Age is the strongest risk factor for prostate cancer. Statistics show that prevalence of the cancer doubles every five years among men 50 years old upwards.

For those above 75, nearly 400 incidences of prostate cancer are reported out of every 1,000 men in the western world, where more studies have been done.

Globally, it ranks as the commonest cancer affecting men and the second commonest cause of cancer death. At SGH, at least one new prostate cancer patient is diagnosed every week.

“In the early stages of prostate cancer, almost no symptoms would show. The only way to detect it is via medical examination like a PSA test, followed by a biopsy if there is suspicion,” Dr Teh said.

“Most cancer patients diagnosed at SGH are in the late stage — their cancers have already spread to other parts of the body. They come to us when they are completely unable to pass urine or have detected blood in urine. There are even some who experience paralysis of legs and bone pain. Others are referred to us after complaining loss of weight and appetite.”

When it comes to cancer treatment, there are, again, three options — chemotherapy, radiotherapy or surgery.
SGH offers all three at rather respectable levels of medical advancement. In the last option, patients’ worries ought to be soothed by the public hospital’s latest acquisition.

“We have what is called the da Vinci Prostatectomy system,” Dr Teh said, pointing to what looked like a photo of a robotic spider.

“The da Vinci system is a breakthrough surgical technology allowing surgeons to offer a minimally invasive option for prostatectomy.”

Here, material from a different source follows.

(* Let $d\ge2$, $L\ge1$, $\sigma>0$, $\lambda>0$, $\gamma>0$, let $\mu_0^\star,\mu_1^\star\in\mathbb{S}^{d-1}$ be orthonormal, and let the rows of $\mathbb{X}$ be i.i.d. with law $\frac12\mathcal{N}(\mu_0^\star,\sigma^2I_d)+\frac12\mathcal{N}(\mu_1^\star,\sigma^2I_d)$. The manifold $\mathcal{M}$ is invariant under the projected gradient descent iteration: if $(\mu_0^k,\mu_1^k)\in\mathcal{M}$, then $(\mu_0^{k+1},\mu_1^{k+1})\in\mathcal{M}$.
   Context: $T^{\mathrm{lin},\mu_0,\mu_1}(\mathbb{X})_\ell=\frac{2}{L}\sum_{k=1}^L\lambda X_\ell^\top(\mu_0\mu_0^\top+\mu_1\mu_1^\top)X_kX_k$; $\mathcal{R}(\mu_0,\mu_1)=\frac1L\sum_\ell\mathbb{E}\|X_\ell-T^{\mathrm{lin},\mu_0,\mu_1}(\mathbb{X})_\ell\|_2^2$ (a smooth function on $\mathbb{R}^d\times\mathbb{R}^d$ with Euclidean gradients $\nabla_{\mu_0}\mathcal{R},\nabla_{\mu_1}\mathcal{R}$). The iteration is, for $i\in\{0,1\}$, $\mu_i^{k+1}=\dfrac{\mu_i^k-\gamma(I_d-\mu_i^k(\mu_i^k)^\top)\nabla_{\mu_i}\mathcal{R}(\mu_0^k,\mu_1^k)}{\|\mu_i^k-\gamma(I_d-\mu_i^k(\mu_i^k)^\top)\nabla_{\mu_i}\mathcal{R}(\mu_0^k,\mu_1^k)\|_2}$. $\mathcal{M}=\{(\mu_0,\mu_1)\in(\mathbb{S}^{d-1})^2:\langle\mu_1^\star,\mu_0\rangle=0,\langle\mu_0^\star,\mu_1\rangle=0,\langle\mu_0,\mu_1\rangle=0\}$. *)

theory Defs
  imports "HOL-Probability.Probability"
begin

The RM5 million machine comes in two parts — tiny robotic limbs that cut and sew and are controlled by the surgeon from a console.

“It is important for patients to know that da Vinci does not replace a robot at the controls. Surgeons still control every aspect of the surgery.

“What it does is allow humans to do better surgeries by dramatically enhancing visualisation, precision, control and dexterity.”

The end result is patients experience less scaring and recover in shorter periods of time.
Purchased at the massive cost (not to mention the RM10,000 the hospital absorbs for each surgery), SGH is the only the second hospital in Malaysia to have the system. But all the best technology in the world cannot help save lives if people are not willing to submit to a doctor’s consultation.

And on alternative medicine like herbal ones, Dr Teh said: “It’s not wrong to try them but if there is no improvement within after six months why continue with these expensive alternatives?”

A check up at any public facility is only RM5 and proven drugs are highly subsidised. Some are even free.

Perhaps another reason for the lack of prostate health awareness comes down to the number of specialists available in Sarawak.

“Yes, there are only three urologists in the state. I’m one while another is at a private hospital and another at Unimas,” Dr Teh said.

Only three! Yes, that must be the main reason. And Sarawakian men will need all the help they can get.